Stored data:

++++++

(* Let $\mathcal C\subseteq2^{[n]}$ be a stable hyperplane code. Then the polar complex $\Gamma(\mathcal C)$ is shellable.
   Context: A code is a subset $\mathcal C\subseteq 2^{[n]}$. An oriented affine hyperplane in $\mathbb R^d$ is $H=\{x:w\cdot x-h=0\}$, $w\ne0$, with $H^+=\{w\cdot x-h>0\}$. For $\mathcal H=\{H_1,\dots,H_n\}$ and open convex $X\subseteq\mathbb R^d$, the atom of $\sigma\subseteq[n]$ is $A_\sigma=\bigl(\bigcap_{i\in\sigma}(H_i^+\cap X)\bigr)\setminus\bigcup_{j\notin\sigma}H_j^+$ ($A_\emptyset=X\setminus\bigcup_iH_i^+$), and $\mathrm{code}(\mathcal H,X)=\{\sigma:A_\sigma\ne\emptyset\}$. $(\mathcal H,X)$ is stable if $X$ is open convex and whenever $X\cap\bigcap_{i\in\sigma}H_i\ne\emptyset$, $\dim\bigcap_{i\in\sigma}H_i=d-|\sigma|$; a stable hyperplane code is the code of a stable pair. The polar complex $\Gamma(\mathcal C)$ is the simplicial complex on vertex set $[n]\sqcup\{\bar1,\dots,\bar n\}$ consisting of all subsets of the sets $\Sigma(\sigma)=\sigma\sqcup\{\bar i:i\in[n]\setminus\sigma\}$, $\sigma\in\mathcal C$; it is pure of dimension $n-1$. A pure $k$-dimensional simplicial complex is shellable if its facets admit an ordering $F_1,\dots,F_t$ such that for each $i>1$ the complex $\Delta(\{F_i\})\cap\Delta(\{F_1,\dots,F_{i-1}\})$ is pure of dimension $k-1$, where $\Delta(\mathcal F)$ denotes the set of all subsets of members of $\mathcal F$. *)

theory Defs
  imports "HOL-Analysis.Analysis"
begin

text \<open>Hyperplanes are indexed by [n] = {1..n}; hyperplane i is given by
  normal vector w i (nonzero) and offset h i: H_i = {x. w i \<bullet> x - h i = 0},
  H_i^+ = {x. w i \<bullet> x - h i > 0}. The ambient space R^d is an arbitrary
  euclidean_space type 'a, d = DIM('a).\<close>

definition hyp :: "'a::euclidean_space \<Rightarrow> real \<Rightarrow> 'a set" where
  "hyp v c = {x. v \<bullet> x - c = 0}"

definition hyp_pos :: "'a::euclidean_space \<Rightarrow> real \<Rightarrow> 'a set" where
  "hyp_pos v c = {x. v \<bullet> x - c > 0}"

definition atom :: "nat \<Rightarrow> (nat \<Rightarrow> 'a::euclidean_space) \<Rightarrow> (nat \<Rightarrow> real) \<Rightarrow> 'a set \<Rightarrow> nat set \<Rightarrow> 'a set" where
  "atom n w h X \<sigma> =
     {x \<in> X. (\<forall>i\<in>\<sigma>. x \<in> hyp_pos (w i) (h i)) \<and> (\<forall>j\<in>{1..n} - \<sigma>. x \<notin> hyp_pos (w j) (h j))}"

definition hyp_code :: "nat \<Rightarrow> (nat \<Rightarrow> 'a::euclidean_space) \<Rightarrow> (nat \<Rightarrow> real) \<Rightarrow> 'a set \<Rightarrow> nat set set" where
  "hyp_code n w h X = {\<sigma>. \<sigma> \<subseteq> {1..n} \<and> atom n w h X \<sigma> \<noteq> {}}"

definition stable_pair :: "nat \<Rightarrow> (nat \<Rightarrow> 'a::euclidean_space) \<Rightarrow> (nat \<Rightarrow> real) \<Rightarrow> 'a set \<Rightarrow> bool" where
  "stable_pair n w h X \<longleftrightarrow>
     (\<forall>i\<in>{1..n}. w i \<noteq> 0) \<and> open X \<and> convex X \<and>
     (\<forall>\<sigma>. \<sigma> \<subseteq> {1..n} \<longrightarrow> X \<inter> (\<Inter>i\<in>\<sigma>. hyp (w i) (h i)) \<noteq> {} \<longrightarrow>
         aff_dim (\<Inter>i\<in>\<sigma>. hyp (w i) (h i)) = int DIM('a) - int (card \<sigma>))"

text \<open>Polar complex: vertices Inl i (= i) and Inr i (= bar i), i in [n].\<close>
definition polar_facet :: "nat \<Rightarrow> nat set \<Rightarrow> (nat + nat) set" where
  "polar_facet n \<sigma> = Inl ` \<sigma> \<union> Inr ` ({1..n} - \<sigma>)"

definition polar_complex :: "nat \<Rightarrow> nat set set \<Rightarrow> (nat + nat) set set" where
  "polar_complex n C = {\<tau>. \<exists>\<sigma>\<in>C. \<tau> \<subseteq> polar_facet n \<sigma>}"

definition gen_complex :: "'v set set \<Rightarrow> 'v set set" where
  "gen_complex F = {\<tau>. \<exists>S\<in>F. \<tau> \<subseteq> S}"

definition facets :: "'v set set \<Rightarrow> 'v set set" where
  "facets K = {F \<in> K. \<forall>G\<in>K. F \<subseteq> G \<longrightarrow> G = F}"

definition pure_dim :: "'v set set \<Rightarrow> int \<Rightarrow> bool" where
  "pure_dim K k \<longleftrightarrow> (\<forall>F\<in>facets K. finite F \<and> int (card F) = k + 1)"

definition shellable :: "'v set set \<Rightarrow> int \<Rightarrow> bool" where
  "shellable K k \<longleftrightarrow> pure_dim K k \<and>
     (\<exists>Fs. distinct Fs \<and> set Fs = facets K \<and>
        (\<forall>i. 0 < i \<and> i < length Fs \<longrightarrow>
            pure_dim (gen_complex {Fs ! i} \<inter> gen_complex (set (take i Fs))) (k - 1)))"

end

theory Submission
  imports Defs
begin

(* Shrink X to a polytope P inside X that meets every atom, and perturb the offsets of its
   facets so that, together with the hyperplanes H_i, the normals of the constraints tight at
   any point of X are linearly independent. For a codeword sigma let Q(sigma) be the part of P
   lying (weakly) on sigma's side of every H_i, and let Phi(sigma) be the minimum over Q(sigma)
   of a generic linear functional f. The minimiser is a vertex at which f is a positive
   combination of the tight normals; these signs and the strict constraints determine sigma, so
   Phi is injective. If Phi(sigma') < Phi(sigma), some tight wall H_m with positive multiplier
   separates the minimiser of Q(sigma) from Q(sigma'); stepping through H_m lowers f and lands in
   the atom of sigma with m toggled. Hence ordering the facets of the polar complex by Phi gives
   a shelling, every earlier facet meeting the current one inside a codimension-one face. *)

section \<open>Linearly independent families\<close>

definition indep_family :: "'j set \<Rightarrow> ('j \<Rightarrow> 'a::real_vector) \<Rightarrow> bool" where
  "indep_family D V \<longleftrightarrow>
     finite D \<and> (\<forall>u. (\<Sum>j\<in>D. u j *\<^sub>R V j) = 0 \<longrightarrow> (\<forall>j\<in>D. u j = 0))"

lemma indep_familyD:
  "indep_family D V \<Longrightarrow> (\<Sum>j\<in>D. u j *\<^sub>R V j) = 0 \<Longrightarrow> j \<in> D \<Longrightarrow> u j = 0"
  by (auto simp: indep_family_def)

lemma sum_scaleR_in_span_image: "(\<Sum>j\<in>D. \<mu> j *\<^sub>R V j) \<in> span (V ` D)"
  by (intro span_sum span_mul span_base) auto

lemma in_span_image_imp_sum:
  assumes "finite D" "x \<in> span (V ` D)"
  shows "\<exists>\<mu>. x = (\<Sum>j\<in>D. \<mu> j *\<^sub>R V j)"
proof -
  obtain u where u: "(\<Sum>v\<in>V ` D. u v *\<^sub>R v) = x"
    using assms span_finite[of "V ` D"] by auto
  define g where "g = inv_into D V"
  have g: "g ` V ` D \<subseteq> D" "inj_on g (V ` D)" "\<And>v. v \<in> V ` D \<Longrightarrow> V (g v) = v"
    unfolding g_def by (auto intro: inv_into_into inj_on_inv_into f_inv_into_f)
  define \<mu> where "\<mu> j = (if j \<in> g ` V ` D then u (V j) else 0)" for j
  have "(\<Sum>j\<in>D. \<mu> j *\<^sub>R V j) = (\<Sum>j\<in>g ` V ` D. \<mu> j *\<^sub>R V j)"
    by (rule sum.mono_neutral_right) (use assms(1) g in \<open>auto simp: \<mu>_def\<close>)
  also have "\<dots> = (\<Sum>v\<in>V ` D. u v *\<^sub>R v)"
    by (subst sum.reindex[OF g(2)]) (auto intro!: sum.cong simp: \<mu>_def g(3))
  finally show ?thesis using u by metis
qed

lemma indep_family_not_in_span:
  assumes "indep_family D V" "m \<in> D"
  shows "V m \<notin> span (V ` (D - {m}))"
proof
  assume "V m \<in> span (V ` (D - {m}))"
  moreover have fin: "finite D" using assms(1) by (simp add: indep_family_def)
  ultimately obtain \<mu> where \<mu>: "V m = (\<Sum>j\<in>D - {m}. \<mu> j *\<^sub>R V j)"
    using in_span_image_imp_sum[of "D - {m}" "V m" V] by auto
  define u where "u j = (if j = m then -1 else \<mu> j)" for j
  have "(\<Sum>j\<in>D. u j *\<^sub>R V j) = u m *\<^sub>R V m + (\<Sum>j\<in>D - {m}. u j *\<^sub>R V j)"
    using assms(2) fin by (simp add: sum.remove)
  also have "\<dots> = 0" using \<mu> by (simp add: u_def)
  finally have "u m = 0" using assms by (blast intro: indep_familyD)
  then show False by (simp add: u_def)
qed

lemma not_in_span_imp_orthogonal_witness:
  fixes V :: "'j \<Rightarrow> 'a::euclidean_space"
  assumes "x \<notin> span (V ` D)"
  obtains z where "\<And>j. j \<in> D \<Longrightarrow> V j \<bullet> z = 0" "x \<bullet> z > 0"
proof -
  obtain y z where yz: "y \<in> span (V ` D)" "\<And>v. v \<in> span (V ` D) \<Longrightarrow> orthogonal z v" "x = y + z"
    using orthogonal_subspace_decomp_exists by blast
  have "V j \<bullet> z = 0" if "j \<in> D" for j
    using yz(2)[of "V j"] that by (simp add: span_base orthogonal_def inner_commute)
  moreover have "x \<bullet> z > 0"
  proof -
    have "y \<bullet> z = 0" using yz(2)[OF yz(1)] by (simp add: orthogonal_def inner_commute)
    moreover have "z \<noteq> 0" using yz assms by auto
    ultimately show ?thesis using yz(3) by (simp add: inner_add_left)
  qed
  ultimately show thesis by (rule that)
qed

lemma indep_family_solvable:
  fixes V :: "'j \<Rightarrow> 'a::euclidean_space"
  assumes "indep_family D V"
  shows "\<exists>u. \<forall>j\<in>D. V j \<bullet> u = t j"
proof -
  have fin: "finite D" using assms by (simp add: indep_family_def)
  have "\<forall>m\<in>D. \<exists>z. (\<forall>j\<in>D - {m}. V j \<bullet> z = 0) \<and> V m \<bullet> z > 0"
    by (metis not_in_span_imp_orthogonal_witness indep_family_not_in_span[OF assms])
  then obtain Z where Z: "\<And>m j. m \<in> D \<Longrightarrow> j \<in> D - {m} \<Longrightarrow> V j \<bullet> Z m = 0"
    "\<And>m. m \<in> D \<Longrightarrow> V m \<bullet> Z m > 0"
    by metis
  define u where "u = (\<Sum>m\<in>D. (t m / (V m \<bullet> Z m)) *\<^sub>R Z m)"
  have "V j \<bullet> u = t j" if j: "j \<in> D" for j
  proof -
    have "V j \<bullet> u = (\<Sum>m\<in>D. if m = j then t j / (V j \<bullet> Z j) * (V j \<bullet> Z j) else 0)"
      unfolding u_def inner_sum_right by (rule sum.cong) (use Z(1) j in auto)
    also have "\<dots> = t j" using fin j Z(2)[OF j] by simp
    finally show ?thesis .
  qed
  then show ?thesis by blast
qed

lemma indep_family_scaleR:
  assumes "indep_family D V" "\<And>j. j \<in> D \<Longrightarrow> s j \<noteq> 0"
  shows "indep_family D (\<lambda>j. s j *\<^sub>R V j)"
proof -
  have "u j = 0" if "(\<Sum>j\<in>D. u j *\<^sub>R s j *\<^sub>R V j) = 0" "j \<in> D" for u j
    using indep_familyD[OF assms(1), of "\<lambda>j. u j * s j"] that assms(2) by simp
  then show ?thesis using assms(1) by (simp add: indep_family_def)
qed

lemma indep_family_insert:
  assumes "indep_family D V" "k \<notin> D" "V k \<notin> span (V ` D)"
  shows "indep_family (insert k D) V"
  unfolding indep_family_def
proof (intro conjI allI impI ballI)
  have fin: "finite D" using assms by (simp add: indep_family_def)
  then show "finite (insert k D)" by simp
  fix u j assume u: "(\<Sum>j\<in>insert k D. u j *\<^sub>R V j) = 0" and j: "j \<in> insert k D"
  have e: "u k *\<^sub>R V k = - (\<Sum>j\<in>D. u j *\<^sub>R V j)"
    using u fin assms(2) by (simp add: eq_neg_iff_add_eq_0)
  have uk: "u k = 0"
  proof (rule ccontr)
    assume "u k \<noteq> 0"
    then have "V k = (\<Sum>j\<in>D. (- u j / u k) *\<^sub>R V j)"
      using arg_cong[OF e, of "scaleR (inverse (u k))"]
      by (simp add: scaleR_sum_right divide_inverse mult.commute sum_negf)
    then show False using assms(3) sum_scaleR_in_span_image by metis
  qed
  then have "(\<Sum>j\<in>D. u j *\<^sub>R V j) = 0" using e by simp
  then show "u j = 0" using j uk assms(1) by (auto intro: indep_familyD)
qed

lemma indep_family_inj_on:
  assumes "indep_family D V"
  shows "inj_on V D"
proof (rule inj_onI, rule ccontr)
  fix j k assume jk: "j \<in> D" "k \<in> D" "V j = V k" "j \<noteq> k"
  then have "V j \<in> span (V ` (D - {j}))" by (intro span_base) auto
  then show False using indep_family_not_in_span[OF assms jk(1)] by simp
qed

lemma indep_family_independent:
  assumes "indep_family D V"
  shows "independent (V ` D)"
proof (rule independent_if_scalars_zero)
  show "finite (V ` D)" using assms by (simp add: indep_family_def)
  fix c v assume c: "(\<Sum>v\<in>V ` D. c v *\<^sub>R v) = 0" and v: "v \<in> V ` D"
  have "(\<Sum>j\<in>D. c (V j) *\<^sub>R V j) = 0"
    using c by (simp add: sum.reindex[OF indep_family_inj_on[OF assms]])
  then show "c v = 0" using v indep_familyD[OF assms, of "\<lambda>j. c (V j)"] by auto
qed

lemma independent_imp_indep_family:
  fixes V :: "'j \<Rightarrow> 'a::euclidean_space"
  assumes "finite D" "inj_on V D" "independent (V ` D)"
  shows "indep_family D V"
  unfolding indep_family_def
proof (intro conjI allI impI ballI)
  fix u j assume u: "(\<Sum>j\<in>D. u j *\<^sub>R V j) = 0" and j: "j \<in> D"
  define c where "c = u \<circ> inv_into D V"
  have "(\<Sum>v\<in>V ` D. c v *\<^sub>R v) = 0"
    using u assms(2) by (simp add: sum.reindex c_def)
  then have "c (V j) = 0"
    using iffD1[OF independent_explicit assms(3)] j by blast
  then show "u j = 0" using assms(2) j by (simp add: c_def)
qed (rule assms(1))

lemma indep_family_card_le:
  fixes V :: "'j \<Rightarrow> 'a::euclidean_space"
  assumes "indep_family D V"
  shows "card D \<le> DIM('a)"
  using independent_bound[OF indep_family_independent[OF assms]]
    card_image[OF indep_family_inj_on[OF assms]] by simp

++++++

• **Directions**:
Please extract exactly, and only, the lines from the line containing "define c where" through the last line of the records.

• **Answer section**:
  define c where "c = u \<circ> inv_into D V"
  have "(\<Sum>v\<in>V ` D. c v *\<^sub>R v) = 0"
    using u assms(2) by (simp add: sum.reindex c_def)
  then have "c (V j) = 0"
    using iffD1[OF independent_explicit assms(3)] j by blast
  then show "u j = 0" using assms(2) j by (simp add: c_def)
qed (rule assms(1))

lemma indep_family_card_le:
  fixes V :: "'j \<Rightarrow> 'a::euclidean_space"
  assumes "indep_family D V"
  shows "card D \<le> DIM('a)"
  using independent_bound[OF indep_family_independent[OF assms]]
    card_image[OF indep_family_inj_on[OF assms]] by simp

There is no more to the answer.